RAW DATA:

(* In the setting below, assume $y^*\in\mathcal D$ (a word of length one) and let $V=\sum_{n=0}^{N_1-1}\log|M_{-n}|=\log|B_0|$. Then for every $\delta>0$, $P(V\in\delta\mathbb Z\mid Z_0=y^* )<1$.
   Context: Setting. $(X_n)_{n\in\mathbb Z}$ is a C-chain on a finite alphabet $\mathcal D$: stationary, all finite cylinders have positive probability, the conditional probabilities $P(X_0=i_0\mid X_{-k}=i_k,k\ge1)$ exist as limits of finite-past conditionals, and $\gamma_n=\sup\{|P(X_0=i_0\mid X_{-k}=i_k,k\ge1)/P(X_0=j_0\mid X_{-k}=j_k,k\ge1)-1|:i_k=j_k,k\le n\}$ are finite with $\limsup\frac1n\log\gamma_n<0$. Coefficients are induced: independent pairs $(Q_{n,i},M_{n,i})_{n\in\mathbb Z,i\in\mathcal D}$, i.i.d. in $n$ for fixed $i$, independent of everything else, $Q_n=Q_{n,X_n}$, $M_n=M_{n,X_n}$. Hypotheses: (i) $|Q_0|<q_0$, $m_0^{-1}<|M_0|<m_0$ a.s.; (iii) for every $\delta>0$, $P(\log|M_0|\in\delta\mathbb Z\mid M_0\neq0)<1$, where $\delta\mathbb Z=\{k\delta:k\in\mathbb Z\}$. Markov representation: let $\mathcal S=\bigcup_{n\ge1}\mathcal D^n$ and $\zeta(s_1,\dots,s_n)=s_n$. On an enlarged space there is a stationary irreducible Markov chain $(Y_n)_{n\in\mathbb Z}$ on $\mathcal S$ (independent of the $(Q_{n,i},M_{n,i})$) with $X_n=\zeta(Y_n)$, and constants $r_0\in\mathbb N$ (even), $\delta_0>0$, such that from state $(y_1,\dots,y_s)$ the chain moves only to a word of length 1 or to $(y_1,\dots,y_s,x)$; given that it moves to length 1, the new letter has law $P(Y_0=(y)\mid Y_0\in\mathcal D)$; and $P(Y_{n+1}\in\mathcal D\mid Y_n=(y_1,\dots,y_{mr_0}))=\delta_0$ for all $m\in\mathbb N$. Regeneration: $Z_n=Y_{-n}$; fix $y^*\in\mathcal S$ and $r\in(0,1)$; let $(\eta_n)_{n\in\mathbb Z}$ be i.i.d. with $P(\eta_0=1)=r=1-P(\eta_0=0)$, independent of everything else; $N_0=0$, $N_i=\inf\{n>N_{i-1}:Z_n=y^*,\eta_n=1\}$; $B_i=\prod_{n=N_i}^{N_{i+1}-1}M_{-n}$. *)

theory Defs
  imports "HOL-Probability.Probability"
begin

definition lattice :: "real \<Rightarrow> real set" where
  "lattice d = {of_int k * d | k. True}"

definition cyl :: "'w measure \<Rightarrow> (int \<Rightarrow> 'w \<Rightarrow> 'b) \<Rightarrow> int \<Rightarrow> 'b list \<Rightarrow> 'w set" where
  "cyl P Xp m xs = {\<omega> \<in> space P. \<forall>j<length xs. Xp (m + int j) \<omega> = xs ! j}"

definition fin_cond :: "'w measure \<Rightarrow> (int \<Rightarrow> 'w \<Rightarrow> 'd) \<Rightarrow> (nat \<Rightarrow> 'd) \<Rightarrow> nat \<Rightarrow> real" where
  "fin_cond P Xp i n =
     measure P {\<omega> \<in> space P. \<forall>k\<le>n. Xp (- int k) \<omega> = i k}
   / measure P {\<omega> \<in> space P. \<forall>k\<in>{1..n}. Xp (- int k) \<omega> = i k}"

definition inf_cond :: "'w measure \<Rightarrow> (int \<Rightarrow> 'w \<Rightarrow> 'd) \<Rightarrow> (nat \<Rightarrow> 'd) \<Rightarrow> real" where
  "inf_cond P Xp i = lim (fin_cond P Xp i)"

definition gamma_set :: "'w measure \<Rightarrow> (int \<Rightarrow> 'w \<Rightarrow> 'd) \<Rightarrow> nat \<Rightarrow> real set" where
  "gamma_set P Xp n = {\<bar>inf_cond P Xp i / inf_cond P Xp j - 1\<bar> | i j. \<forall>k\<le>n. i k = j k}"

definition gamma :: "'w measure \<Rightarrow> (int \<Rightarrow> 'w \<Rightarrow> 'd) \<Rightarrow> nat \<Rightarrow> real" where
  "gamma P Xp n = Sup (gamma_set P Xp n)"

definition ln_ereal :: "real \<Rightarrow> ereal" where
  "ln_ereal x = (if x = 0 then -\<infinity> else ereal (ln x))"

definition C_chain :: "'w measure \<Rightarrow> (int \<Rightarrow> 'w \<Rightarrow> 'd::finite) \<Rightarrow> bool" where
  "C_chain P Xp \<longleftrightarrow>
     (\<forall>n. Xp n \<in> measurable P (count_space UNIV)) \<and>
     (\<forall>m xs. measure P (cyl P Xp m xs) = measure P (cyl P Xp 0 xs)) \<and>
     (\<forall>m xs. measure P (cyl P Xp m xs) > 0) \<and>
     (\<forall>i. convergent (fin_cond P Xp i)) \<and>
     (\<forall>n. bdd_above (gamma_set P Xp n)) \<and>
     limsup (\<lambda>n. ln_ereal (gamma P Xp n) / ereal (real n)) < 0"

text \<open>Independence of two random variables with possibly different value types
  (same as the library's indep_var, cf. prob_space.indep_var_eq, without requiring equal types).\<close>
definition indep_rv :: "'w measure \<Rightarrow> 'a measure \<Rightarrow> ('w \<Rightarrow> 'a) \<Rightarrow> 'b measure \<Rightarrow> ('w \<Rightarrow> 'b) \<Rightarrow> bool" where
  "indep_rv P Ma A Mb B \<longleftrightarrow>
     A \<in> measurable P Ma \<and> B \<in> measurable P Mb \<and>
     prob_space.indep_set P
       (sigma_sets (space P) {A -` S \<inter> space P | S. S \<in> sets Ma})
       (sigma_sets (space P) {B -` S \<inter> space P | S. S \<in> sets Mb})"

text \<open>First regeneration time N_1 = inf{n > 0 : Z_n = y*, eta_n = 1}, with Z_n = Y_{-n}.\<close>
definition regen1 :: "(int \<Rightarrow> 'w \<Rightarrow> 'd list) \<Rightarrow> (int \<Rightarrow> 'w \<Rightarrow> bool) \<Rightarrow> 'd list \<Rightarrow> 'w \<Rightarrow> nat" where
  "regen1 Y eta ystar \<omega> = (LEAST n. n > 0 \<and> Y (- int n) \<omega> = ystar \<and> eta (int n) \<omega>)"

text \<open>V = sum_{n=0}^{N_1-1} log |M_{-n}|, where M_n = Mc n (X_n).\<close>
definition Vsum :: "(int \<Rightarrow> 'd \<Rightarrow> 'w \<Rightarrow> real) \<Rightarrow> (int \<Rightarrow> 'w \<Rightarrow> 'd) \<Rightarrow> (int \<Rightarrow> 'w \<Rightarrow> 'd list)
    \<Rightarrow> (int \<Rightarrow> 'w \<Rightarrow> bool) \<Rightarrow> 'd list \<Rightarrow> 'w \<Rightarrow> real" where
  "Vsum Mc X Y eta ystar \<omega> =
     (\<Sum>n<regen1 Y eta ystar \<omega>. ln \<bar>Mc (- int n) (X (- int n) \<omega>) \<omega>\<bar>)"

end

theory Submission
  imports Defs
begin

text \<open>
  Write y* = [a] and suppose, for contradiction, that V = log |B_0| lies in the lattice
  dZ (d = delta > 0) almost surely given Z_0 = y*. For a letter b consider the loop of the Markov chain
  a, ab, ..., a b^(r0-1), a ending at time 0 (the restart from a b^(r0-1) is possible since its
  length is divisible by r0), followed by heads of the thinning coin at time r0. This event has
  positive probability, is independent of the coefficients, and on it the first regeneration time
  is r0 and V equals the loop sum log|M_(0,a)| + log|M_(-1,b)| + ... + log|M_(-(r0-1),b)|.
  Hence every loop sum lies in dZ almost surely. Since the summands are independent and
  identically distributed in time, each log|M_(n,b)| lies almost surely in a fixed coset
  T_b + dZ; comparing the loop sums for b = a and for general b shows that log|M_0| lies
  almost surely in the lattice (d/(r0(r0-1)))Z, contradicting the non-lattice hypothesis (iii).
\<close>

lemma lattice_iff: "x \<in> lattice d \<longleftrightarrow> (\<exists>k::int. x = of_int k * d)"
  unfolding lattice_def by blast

HOW TO COMPLETE THIS TASK: Look back at the entries above. Retype the line with "space P. \<forall>k\<le>n.", the line with "P Xp \<longleftrightarrow>", and all lines in between.

EXERCISE SOLUTION:
     measure P {\<omega> \<in> space P. \<forall>k\<le>n. Xp (- int k) \<omega> = i k}
   / measure P {\<omega> \<in> space P. \<forall>k\<in>{1..n}. Xp (- int k) \<omega> = i k}"

definition inf_cond :: "'w measure \<Rightarrow> (int \<Rightarrow> 'w \<Rightarrow> 'd) \<Rightarrow> (nat \<Rightarrow> 'd) \<Rightarrow> real" where
  "inf_cond P Xp i = lim (fin_cond P Xp i)"

definition gamma_set :: "'w measure \<Rightarrow> (int \<Rightarrow> 'w \<Rightarrow> 'd) \<Rightarrow> nat \<Rightarrow> real set" where
  "gamma_set P Xp n = {\<bar>inf_cond P Xp i / inf_cond P Xp j - 1\<bar> | i j. \<forall>k\<le>n. i k = j k}"

definition gamma :: "'w measure \<Rightarrow> (int \<Rightarrow> 'w \<Rightarrow> 'd) \<Rightarrow> nat \<Rightarrow> real" where
  "gamma P Xp n = Sup (gamma_set P Xp n)"

definition ln_ereal :: "real \<Rightarrow> ereal" where
  "ln_ereal x = (if x = 0 then -\<infinity> else ereal (ln x))"

definition C_chain :: "'w measure \<Rightarrow> (int \<Rightarrow> 'w \<Rightarrow> 'd::finite) \<Rightarrow> bool" where
  "C_chain P Xp \<longleftrightarrow>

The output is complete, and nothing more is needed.